[Stored items from a collection]

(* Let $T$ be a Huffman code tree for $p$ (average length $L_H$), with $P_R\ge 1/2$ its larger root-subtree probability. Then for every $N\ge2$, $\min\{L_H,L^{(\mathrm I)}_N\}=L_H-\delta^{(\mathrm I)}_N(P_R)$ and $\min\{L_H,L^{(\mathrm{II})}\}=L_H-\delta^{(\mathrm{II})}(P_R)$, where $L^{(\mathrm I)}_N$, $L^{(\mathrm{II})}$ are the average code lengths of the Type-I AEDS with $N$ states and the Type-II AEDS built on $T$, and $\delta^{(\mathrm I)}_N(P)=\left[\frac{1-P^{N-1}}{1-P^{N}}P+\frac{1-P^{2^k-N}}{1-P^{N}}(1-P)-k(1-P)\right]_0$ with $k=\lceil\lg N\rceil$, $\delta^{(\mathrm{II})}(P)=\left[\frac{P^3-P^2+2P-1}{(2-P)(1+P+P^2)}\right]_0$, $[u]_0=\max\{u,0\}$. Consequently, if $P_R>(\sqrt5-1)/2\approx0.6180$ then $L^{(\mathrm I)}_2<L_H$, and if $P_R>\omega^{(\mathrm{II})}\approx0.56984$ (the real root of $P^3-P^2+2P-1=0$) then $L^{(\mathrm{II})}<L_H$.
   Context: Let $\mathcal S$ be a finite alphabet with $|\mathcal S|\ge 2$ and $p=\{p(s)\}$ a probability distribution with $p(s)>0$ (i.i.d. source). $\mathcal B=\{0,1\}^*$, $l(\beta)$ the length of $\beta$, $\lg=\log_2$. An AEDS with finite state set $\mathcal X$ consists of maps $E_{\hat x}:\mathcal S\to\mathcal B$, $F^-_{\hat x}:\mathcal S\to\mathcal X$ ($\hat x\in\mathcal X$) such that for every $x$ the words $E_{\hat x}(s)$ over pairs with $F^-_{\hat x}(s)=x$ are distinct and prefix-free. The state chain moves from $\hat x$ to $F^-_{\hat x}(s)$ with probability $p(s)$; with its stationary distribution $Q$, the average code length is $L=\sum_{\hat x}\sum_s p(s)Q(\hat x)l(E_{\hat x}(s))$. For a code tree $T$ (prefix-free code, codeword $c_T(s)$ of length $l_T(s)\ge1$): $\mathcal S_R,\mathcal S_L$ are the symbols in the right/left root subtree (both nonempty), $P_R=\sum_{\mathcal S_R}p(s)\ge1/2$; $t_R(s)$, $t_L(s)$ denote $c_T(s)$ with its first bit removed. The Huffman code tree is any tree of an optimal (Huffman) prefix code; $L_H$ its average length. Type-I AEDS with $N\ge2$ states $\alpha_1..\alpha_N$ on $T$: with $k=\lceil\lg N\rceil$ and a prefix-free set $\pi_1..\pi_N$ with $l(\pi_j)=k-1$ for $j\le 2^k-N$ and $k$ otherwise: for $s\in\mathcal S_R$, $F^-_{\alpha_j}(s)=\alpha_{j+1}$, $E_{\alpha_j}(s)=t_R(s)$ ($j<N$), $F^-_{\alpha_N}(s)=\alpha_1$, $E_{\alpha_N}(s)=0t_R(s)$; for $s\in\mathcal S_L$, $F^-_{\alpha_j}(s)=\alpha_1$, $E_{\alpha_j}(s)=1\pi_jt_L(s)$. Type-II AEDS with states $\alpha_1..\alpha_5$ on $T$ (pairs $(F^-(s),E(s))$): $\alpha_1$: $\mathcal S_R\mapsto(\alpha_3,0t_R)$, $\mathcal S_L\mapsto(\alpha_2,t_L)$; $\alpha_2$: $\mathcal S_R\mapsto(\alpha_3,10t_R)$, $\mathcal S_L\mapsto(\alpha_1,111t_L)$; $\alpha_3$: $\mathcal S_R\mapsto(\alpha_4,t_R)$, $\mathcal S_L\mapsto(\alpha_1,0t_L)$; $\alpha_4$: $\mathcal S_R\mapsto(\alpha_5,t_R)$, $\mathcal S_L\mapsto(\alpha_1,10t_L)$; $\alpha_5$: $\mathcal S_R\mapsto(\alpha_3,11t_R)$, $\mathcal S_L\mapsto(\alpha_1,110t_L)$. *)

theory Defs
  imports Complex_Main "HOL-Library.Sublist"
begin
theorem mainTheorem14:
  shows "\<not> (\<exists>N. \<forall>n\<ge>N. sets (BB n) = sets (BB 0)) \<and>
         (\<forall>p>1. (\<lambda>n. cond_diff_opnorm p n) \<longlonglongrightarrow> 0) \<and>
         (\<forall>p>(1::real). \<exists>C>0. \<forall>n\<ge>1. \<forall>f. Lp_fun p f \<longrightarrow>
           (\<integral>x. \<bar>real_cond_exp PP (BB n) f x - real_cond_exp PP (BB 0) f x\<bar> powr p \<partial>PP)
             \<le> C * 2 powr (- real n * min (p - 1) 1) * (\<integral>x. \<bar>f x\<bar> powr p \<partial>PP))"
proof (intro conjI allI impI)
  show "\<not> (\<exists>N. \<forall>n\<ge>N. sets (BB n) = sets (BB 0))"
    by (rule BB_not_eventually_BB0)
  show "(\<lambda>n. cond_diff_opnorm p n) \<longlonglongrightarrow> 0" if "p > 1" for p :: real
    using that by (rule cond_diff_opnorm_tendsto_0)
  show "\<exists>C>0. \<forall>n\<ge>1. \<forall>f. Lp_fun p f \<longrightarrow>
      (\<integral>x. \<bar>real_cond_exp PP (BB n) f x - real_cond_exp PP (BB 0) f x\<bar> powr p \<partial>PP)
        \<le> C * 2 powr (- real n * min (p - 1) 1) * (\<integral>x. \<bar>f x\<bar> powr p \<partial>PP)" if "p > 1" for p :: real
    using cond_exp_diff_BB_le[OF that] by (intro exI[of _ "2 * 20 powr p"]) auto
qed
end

§ EXERCISE BRIEF: Tally every line in these entries where the string "integral" occurs. The tally alone is the answer.

§ RESULT BELOW: 4